Only the closing stretch of the material belongs in the answer: the line containing "proof (rule Bochner_Integration.integrable_bound[where" and every line after it, copied exactly.

######

(* Let $f\in\mathcal C$. Then for every integer $d\ge1$: (i) $D_f(d)=f(1)+\sum_{\ell\in\mathbb Z}c_f(\ell)\,\varepsilon_\ell(d)$; (ii) if the series $\sum_{\ell\in\mathbb Z}c_f(\ell)$ converges, then $D_f(d)=f(1)+d\sum_{\ell\in\mathbb Z,\ d\mid\ell}c_f(\ell)-\sum_{\ell\in\mathbb Z}c_f(\ell)$.
   Context: $D_f(d)=\sum_{k=1}^d f(k/d)$. For $d\ge1$, $\ell\in\mathbb Z$: $\varepsilon_\ell(d)=d-1$ if $d\mid\ell$ and $-1$ otherwise (every $d$ divides $0$). $\mathcal C$ is the class of functions $g\colon[0,1]\to\mathbb R$ such that for every rational $x\in(0,1)$, $g(x-0)=g(x+0)$ and $\int_0^\delta\frac{|g(x+u)+g(x-u)-2g(x)|}{u}du<\infty$ for some $\delta>0$. Functions are regarded as $1$-periodic and tacitly Lebesgue integrable on $[0,1]$, with Fourier coefficients $c_g(\ell)=\int_0^1g(x)e^{-2\pi i\ell x}dx$. Series over $\mathbb Z$ are limits of symmetric partial sums $\sum_{|\ell|\le N}$; for negative $\ell$, $d\mid\ell$ means $d\mid|\ell|$. *)

theory Defs
  imports "HOL-Analysis.Analysis"
begin

definition Dsum :: "(real \<Rightarrow> real) \<Rightarrow> nat \<Rightarrow> real" where
  "Dsum f d = (\<Sum>k=1..d. f (real k / real d))"

definition eps :: "int \<Rightarrow> nat \<Rightarrow> real" where
  "eps l d = (if int d dvd l then real d - 1 else -1)"

text \<open>1-periodic extension of a function given on [0,1] (uses values on [0,1)).\<close>
definition per :: "(real \<Rightarrow> real) \<Rightarrow> real \<Rightarrow> real" where
  "per g x = g (frac x)"
lemma integrable_mult_if_square_integrable:
  fixes f g :: "'a \<Rightarrow> real"
  assumes "f \<in> borel_measurable M" "g \<in> borel_measurable M"
    and "integrable M (\<lambda>x. (f x)\<^sup>2)" "integrable M (\<lambda>x. (g x)\<^sup>2)"
  shows "integrable M (\<lambda>x. f x * g x)"
proof (rule Bochner_Integration.integrable_bound[where f = "\<lambda>x. (f x)\<^sup>2 + (g x)\<^sup>2"])
  show "integrable M (\<lambda>x. (f x)\<^sup>2 + (g x)\<^sup>2)" using assms by simp
  show "(\<lambda>x. f x * g x) \<in> borel_measurable M" using assms by measurable
  have "\<bar>f x * g x\<bar> \<le> (f x)\<^sup>2 + (g x)\<^sup>2" for x
  proof -
    have "\<bar>f x * g x\<bar> \<le> 2 * \<bar>f x\<bar> * \<bar>g x\<bar>" by (simp add: abs_mult)
    also have "\<dots> \<le> \<bar>f x\<bar>\<^sup>2 + \<bar>g x\<bar>\<^sup>2" by (rule sum_squares_bound)
    finally show ?thesis by simp
  qed
  then show "AE x in M. norm (f x * g x) \<le> norm ((f x)\<^sup>2 + (g x)\<^sup>2)" by simp
qed

lemma SD_H0_eq:
  assumes "\<delta> \<in> H0 M X"
  shows "SD M (\<lambda>\<omega>. \<delta> (X \<omega>)) = sqrt (integral\<^sup>L M (\<lambda>\<omega>. (\<delta> (X \<omega>))\<^sup>2))"
  using assms unfolding SD_def H0_def by simp

lemma H0_cmult:
  assumes "\<delta> \<in> H0 M X"
  shows "(\<lambda>x. c * \<delta> x) \<in> H0 M X"
proof -
  have "integrable M (\<lambda>\<omega>. c\<^sup>2 * (\<delta> (X \<omega>))\<^sup>2)" using assms unfolding H0_def by auto
  then show ?thesis using assms unfolding H0_def by (auto simp: power_mult_distrib)
qed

######

§ Solution to the exercise:
proof (rule Bochner_Integration.integrable_bound[where f = "\<lambda>x. (f x)\<^sup>2 + (g x)\<^sup>2"])
  show "integrable M (\<lambda>x. (f x)\<^sup>2 + (g x)\<^sup>2)" using assms by simp
  show "(\<lambda>x. f x * g x) \<in> borel_measurable M" using assms by measurable
  have "\<bar>f x * g x\<bar> \<le> (f x)\<^sup>2 + (g x)\<^sup>2" for x
  proof -
    have "\<bar>f x * g x\<bar> \<le> 2 * \<bar>f x\<bar> * \<bar>g x\<bar>" by (simp add: abs_mult)
    also have "\<dots> \<le> \<bar>f x\<bar>\<^sup>2 + \<bar>g x\<bar>\<^sup>2" by (rule sum_squares_bound)
    finally show ?thesis by simp
  qed
  then show "AE x in M. norm (f x * g x) \<le> norm ((f x)\<^sup>2 + (g x)\<^sup>2)" by simp
qed

lemma SD_H0_eq:
  assumes "\<delta> \<in> H0 M X"
  shows "SD M (\<lambda>\<omega>. \<delta> (X \<omega>)) = sqrt (integral\<^sup>L M (\<lambda>\<omega>. (\<delta> (X \<omega>))\<^sup>2))"
  using assms unfolding SD_def H0_def by simp

lemma H0_cmult:
  assumes "\<delta> \<in> H0 M X"
  shows "(\<lambda>x. c * \<delta> x) \<in> H0 M X"
proof -
  have "integrable M (\<lambda>\<omega>. c\<^sup>2 * (\<delta> (X \<omega>))\<^sup>2)" using assms unfolding H0_def by auto
  then show ?thesis using assms unfolding H0_def by (auto simp: power_mult_distrib)
qed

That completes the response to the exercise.